We bought the house last year and now that the weather is turning we’re getting j to yard projects. You can see in the middle where the wood beams are I’ve pulled up all the brick. The beams are collapsing and rotting, and the brick was very uneven. I plan to level the area and put down paver stone. I think I am going to do a circular fire pit with the brick.

What I’m looking for is:

A) for the patio area what I thought was after leavening and paver stand the put some brick down, and pour cement blocks myself with wood framing. Pull out the wood and pour some river stone or something in between. Thoughts? Pitfalls to watch for? Things to consider?

B) any thoughts for what to do with the wood beams. Remove and level out area around? Build back a retaining wall?

by BenevelotCeasar

1 Comment

  1. According-Taro4835

    That poured concrete block and river stone idea looks great on the internet but it is a total maintenance nightmare in real life. Those individual poured blocks will heave and sink unevenly because they lack a continuous compacted gravel foundation. The river stone gaps will instantly fill up with leaves from that massive tree right above it, turn into dirt, and sprout weeds. You will spend every weekend blowing it out or picking loose rocks out of your lawn mower. You need a solid continuous surface. But look at that giant tree right next to your project area. If you dig down six inches to build a proper patio base you are going to chop right through its critical structural roots. That damages the tree and the surviving roots will just heave your new concrete or pavers in a few years anyway.
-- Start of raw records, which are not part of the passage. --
lemma pow_mat_Suc_left:
  assumes A: "A \<in> carrier_mat n n"
  shows "A ^\<^sub>m Suc k = A * A ^\<^sub>m k"
proof (induction k)
  case 0
  then show ?case using A by simp
next
  case (Suc k)
  have "A ^\<^sub>m Suc (Suc k) = A * A ^\<^sub>m k * A" using Suc.IH by simp
  also have "\<dots> = A * A ^\<^sub>m Suc k" using A by (simp add: assoc_mult_mat[of _ n n _ n _ n])
  finally show ?case .
qed

lemma mat_adjoint_pow:
  fixes A :: "'a :: conjugatable_field mat"
  assumes A: "A \<in> carrier_mat n n"
  shows "mat_adjoint (A ^\<^sub>m k) = mat_adjoint A ^\<^sub>m k"
proof (induction k)
  case 0
  then show ?case using A by simp
next
  case (Suc k)
  have "mat_adjoint (A ^\<^sub>m Suc k) = mat_adjoint A * mat_adjoint A ^\<^sub>m k"
    using A by (simp add: mat_adjoint_mult[of _ n n _ n] Suc.IH)
  then show ?case using A pow_mat_Suc_left[of "mat_adjoint A" n k] by simp
qed

lemma det_mat_adjoint:
  fixes A :: "complex mat"
  assumes "A \<in> carrier_mat n n"
  shows "det (mat_adjoint A) = cnj (det A)"
proof -
  interpret cnj: comm_ring_hom cnj by unfold_locales auto
  have "mat_adjoint A = map_mat cnj (transpose_mat A)"
    using assms by (intro eq_matI) auto
  then show ?thesis using assms by (simp add: det_transpose)
qed

definition observable :: "'a :: field mat \<Rightarrow> 'a mat \<Rightarrow> bool" where
  "observable h H \<longleftrightarrow> (\<forall>u \<mu>. u \<in> carrier_vec (dim_col H) \<longrightarrow> H *\<^sub>v u = \<mu> \<cdot>\<^sub>v u \<longrightarrow>
     h *\<^sub>v u = 0\<^sub>v (dim_row h) \<longrightarrow> u = 0\<^sub>v (dim_col H))"

lemma krylov_kernel_trivial_if_observable:
  fixes H h :: "complex mat"
  assumes H: "H \<in> carrier_mat j j" and h: "h \<in> carrier_mat r j" and obs: "observable h H"
    and u: "u \<in> carrier_vec j" and kernel: "\<forall>k<j. h *\<^sub>v (H ^\<^sub>m k *\<^sub>v u) = 0\<^sub>v r"
  shows "u = 0\<^sub>v j"
proof (rule ccontr)
  assume "u \<noteq> 0\<^sub>v j"
  obtain p where p: "p \<noteq> 0" "degree p \<le> j" "poly_mat p H *\<^sub>v u = 0\<^sub>v j"
    using krylov_annihilator[OF H u] by blast
  then obtain q \<mu> where q: "degree q < degree p" "poly_mat q H *\<^sub>v u \<noteq> 0\<^sub>v j"
    "H *\<^sub>v (poly_mat q H *\<^sub>v u) = \<mu> \<cdot>\<^sub>v (poly_mat q H *\<^sub>v u)"
    using krylov_eigenvector[OF H u \<open>u \<noteq> 0\<^sub>v j\<close>] by blast
  have "degree q < j" using q(1) p(2) by linarith
  then have "h *\<^sub>v (poly_mat q H *\<^sub>v u) = 0\<^sub>v r"
    by (rule poly_mat_mult_vec_in_kernel[OF H h u kernel])
  moreover have "poly_mat q H *\<^sub>v u \<in> carrier_vec j"
    by (rule mult_mat_vec_carrier[OF poly_mat_carrier[OF H] u])
  ultimately show False using q(2,3) obs H h unfolding observable_def by (metis carrier_matD)
qed

lemma observable_of_krylov_relation:
  fixes M :: "'a :: field mat"
  assumes M: "M \<in> carrier_mat n n" and Z: "Z \<in> carrier_mat n j" and C: "C \<in> carrier_mat n r"
    and h: "h \<in> carrier_mat r j" and H: "H \<in> carrier_mat j j"
    and Z_inj: "\<forall>y \<in> carrier_vec j. Z *\<^sub>v y = 0\<^sub>v n \<longrightarrow> y = 0\<^sub>v j"
    and rel: "M * Z = C * h + Z * H"
    and disjoint: "\<forall>\<mu>. eigenvalue H \<mu> \<longrightarrow> \<not> eigenvalue M \<mu>"
  shows "observable h H"
  unfolding observable_def
proof (intro allI impI)
  fix u \<mu> assume u: "u \<in> carrier_vec (dim_col H)" and Hu: "H *\<^sub>v u = \<mu> \<cdot>\<^sub>v u"
    and hu: "h *\<^sub>v u = 0\<^sub>v (dim_row h)"
  show "u = 0\<^sub>v (dim_col H)"
  proof (rule ccontr)
    assume "u \<noteq> 0\<^sub>v (dim_col H)"
    then have "eigenvalue H \<mu>" using u Hu H unfolding eigenvalue_def eigenvector_def by auto
    have "M *\<^sub>v (Z *\<^sub>v u) = C *\<^sub>v (h *\<^sub>v u) + Z *\<^sub>v (H *\<^sub>v u)"
      using M Z C h H u
      by (simp add: assoc_mult_mat_vec[of _ n n _ j, symmetric] rel add_mult_distrib_mat_vec[of _ n j]
          assoc_mult_mat_vec[of _ n r _ j] assoc_mult_mat_vec[of _ n j _ j])
    also have "\<dots> = \<mu> \<cdot>\<^sub>v (Z *\<^sub>v u)"
      using Hu hu C Z h H u by (simp add: mult_mat_vec) (intro eq_vecI; simp)
    finally have "M *\<^sub>v (Z *\<^sub>v u) = \<mu> \<cdot>\<^sub>v (Z *\<^sub>v u)" .
    moreover have "Z *\<^sub>v u \<in> carrier_vec n" using Z H u by (metis carrier_matD(2) mult_mat_vec_carrier)
    moreover have "Z *\<^sub>v u \<noteq> 0\<^sub>v n" using Z_inj \<open>u \<noteq> 0\<^sub>v (dim_col H)\<close> H u by (metis carrier_matD(2))
    ultimately have "eigenvalue M \<mu>" using M unfolding eigenvalue_def eigenvector_def by auto
    with disjoint \<open>eigenvalue H \<mu>\<close> show False by blast
  qed
qed

lemma col_ctrb_mat:
  assumes F: "F \<in> carrier_mat j j" and G: "G \<in> carrier_mat j c" and "0 < c" and "k < j"
  shows "col (ctrb_mat F G) (k * c) = F ^\<^sub>m k *\<^sub>v col G 0"
proof -
  have "k * c < j * c" using assms by simp
  then show ?thesis using assms by (intro eq_vecI) (auto simp: ctrb_mat_def)
qed

lemma col_hcat_0: "0 < dim_col X \<Longrightarrow> col (hcat X Y) 0 = col X 0"
  by (intro eq_vecI) (auto simp: hcat_def)

lemma (in vec_space) rank_le_nr:
  assumes "A \<in> carrier_mat n nc"
  shows "rank A \<le> n"
proof -
  obtain S where S: "maximal S (\<lambda>T. T \<subseteq> set (cols A) \<and> lin_indpt T)"
    using maximal_exists[of "(\<lambda>T. T \<subseteq> set (cols A) \<and> lin_indpt T)" "card (set (cols A))" "{}"]
    by (meson List.finite_set card_mono empty_iff empty_subsetI finite_lin_indpt2 rev_finite_subset)
  then have r: "rank A = card S" using rank_card_indpt[OF assms] by blast
  from S have "S \<subseteq> set (cols A)" "lin_indpt S" unfolding maximal_def by auto
  moreover have "set (cols A) \<subseteq> carrier_vec n" using assms cols_dim by blast
  ultimately have "card S \<le> dim" using li_le_dim(2)[OF fin_dim] by auto
  then show ?thesis using r dim_is_n by simp
qed

lemma (in vec_space) rank_eq_if_nonsingular_cols:
  assumes A: "A \<in> carrier_mat n nc" and Q: "Q \<in> carrier_mat n n" and "det Q \<noteq> 0"
    and cols: "set (cols Q) \<subseteq> set (cols A)"
  shows "rank A = n"
proof -
  have "distinct (cols Q)"
    using non_distinct_low_rank[OF Q] det_rank_iff[OF Q] \<open>det Q \<noteq> 0\<close> by auto
  then have "lin_indpt (set (cols Q))"
    using full_rank_lin_indpt[OF Q] det_rank_iff[OF Q] \<open>det Q \<noteq> 0\<close> by auto
  then have "card (set (cols Q)) \<le> rank A" by (rule rank_ge_card_indpt[OF A cols])
  moreover have "card (set (cols Q)) = n" using \<open>distinct (cols Q)\<close> Q by (simp add: distinct_card)
  ultimately show ?thesis using rank_le_nr[OF A] by simp
qed

definition observability_mat :: "'a :: semiring_1 mat \<Rightarrow> 'a mat \<Rightarrow> 'a mat" where
  "observability_mat h H = mat (dim_row H) (dim_row H) (\<lambda>(k, i). (h * H ^\<^sub>m k) $$ (0, i))"

lemma det_observability_mat_nonzero:
  fixes H h :: "complex mat"
  assumes H: "H \<in> carrier_mat j j" and h: "h \<in> carrier_mat 1 j" and obs: "observable h H"
  shows "det (observability_mat h H) \<noteq> 0"
proof
  have Ob: "observability_mat h H \<in> carrier_mat j j" using H by (simp add: observability_mat_def)
  assume "det (observability_mat h H) = 0"
  then obtain u where u: "u \<in> carrier_vec j" "u \<noteq> 0\<^sub>v j" "observability_mat h H *\<^sub>v u = 0\<^sub>v j"
    using det_0_iff_vec_prod_zero_field[OF Ob] by blast
  have "h *\<^sub>v (H ^\<^sub>m k *\<^sub>v u) = 0\<^sub>v 1" if k: "k < j" for k
  proof -
    have "(observability_mat h H *\<^sub>v u) $ k = 0" using u(3) k by simp
    then have "((h * H ^\<^sub>m k) *\<^sub>v u) $ 0 = 0"
      using k u(1) h H by (simp add: observability_mat_def scalar_prod_def)
    then have "(h * H ^\<^sub>m k) *\<^sub>v u = 0\<^sub>v 1" using h by (intro eq_vecI) auto
    then show ?thesis using h H u(1) by (simp add: assoc_mult_mat_vec[of _ 1 j _ j])
  qed
  then show False using krylov_kernel_trivial_if_observable[OF H h obs u(1)] u(2) by blast
qed

lemma controllable_if_observable:
  fixes H h X :: "complex mat"
  assumes H: "H \<in> carrier_mat j j" and h: "h \<in> carrier_mat 1 j" and X: "X \<in> carrier_mat j m"
    and obs: "observable h H"
  shows "controllable (mat_adjoint H) (hcat (mat_adjoint h) X)"
proof -
  define G where "G = hcat (mat_adjoint h) X"
  define K where "K = ctrb_mat (mat_adjoint H) G"
  define Q where "Q = mat_adjoint (observability_mat h H)"
  have G: "G \<in> carrier_mat j (Suc m)" using h X by (simp add: G_def hcat_def)
  have K: "K \<in> carrier_mat j (j * Suc m)" using H G by (simp add: K_def ctrb_mat_def)
  have Q: "Q \<in> carrier_mat j j" using H by (simp add: Q_def observability_mat_def)
  have "det Q \<noteq> 0"
    using H det_observability_mat_nonzero[OF H h obs]
    by (simp add: Q_def det_mat_adjoint[of _ j] observability_mat_def)
  \<comment> \<open>column k of Q is the adjoint of the row h H^k, i.e. (H^*)^k h^*\<close>
  have col_Q: "col Q k = col K (k * Suc m)" if k: "k < j" for k
  proof -
    have "col G 0 = col (mat_adjoint h) 0"
      unfolding G_def using h by (intro col_hcat_0) simp
    then have "col K (k * Suc m) = mat_adjoint H ^\<^sub>m k *\<^sub>v col (mat_adjoint h) 0"
      unfolding K_def using col_ctrb_mat[of "mat_adjoint H" j G "Suc m" k] G H k by simp
    also have "\<dots> = col (mat_adjoint (h * H ^\<^sub>m k)) 0"
      using H h by (simp add: mat_adjoint_mult[of _ 1 j _ j] mat_adjoint_pow[of _ j] col_mult2[of _ j j _ 1])
    also have "\<dots> = col Q k"
      using H h k by (intro eq_vecI) (auto simp: Q_def observability_mat_def)
    finally show ?thesis by simp
  qed
  have "set (cols Q) \<subseteq> set (cols K)"
  proof
    fix v assume "v \<in> set (cols Q)"
    then obtain k where k: "k < j" and v: "v = col Q k" using Q by (auto simp: cols_def)
    have "k * Suc m < j * Suc m" using k by (rule mult_less_mono1) simp
    then show "v \<in> set (cols K)" unfolding v col_Q[OF k] using K by (auto simp: cols_def)
  qed
  then have "vec_space.rank j K = j"
    using vec_space.rank_eq_if_nonsingular_cols[OF K Q \<open>det Q \<noteq> 0\<close>] by blast
  then show ?thesis using H by (simp add: controllable_def K_def G_def)
qed

lemma nodal_poly_root_iff: "poly (nodal_poly s) (x :: 'a :: idom) = 0 \<longleftrightarrow> x \<in># s"
  by (auto simp: nodal_poly_def poly_prod_mset)

theorem mainTheorem3:
  fixes A C Z h H :: "complex mat" and s :: "complex multiset" and n j :: nat
  assumes A: "A \<in> carrier_mat n n"
    and C: "C \<in> carrier_mat 1 n"
    and s_size: "size s = j"
    and s_spec: "\<forall>x \<in># s. \<not> eigenvalue (mat_adjoint A) x"
    and K_variant: "variant (mat_adjoint A) (rat_krylov (mat_adjoint A) (col (mat_adjoint C) 0) s)"
    and Z: "Z \<in> carrier_mat n j"
    and Z_span: "{Z *\<^sub>v y | y. y \<in> carrier_vec j} = rat_krylov (mat_adjoint A) (col (mat_adjoint C) 0) s"
    and Z_indep: "\<forall>y \<in> carrier_vec j. Z *\<^sub>v y = 0\<^sub>v n \<longrightarrow> y = 0\<^sub>v j"
    and h: "h \<in> carrier_mat 1 j"
    and H: "H \<in> carrier_mat j j"
    and rel: "mat_adjoint A * Z = mat_adjoint C * h + Z * H"
    and spec_H: "char_poly H = nodal_poly s"
  shows "(\<not> (\<exists>u \<mu>. u \<in> carrier_vec j \<and> u \<noteq> 0\<^sub>v j \<and> h *\<^sub>v u = 0\<^sub>v 1 \<and> H *\<^sub>v u = \<mu> \<cdot>\<^sub>v u))
       \<and> (\<forall>m B. B \<in> carrier_mat n m \<longrightarrow>
            controllable (mat_adjoint H) (hcat (mat_adjoint h) (mat_adjoint Z * B)))"
proof -
  have obs: "observable h H"
  proof (rule observable_of_krylov_relation[OF _ Z _ h H Z_indep rel])
    show "\<forall>\<mu>. eigenvalue H \<mu> \<longrightarrow> \<not> eigenvalue (mat_adjoint A) \<mu>"
      using eigenvalue_root_char_poly[OF H] s_spec by (simp add: spec_H nodal_poly_root_iff)
  qed (use A C in auto)
  then have "\<not> (\<exists>u \<mu>. u \<in> carrier_vec j \<and> u \<noteq> 0\<^sub>v j \<and> h *\<^sub>v u = 0\<^sub>v 1 \<and> H *\<^sub>v u = \<mu> \<cdot>\<^sub>v u)"
    using H h unfolding observable_def by (metis carrier_matD)
  moreover have "controllable (mat_adjoint H) (hcat (mat_adjoint h) (mat_adjoint Z * B))"
    if "B \<in> carrier_mat n m" for m B
    using controllable_if_observable[OF H h _ obs] Z that by (meson mat_adjoint_carrier mult_carrier_mat)
  ultimately show ?thesis by blast
qed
    Those rotting wood timbers were holding back the dirt so you need to respect that elevation change. Pull them out and build a proper low retaining wall using dry stacked landscape blocks. Do not just grade the area flat by dumping a foot of topsoil over the tree roots or digging deep into the slope. Burying root systems or slicing them up is a guaranteed way to slowly kill mature shade trees. Keep your heavy hardscape footprint as far from that trunk as possible. If you want a fire pit, push it way out into the open yard so you do not roast the overhead branches or fight the massive root system underneath.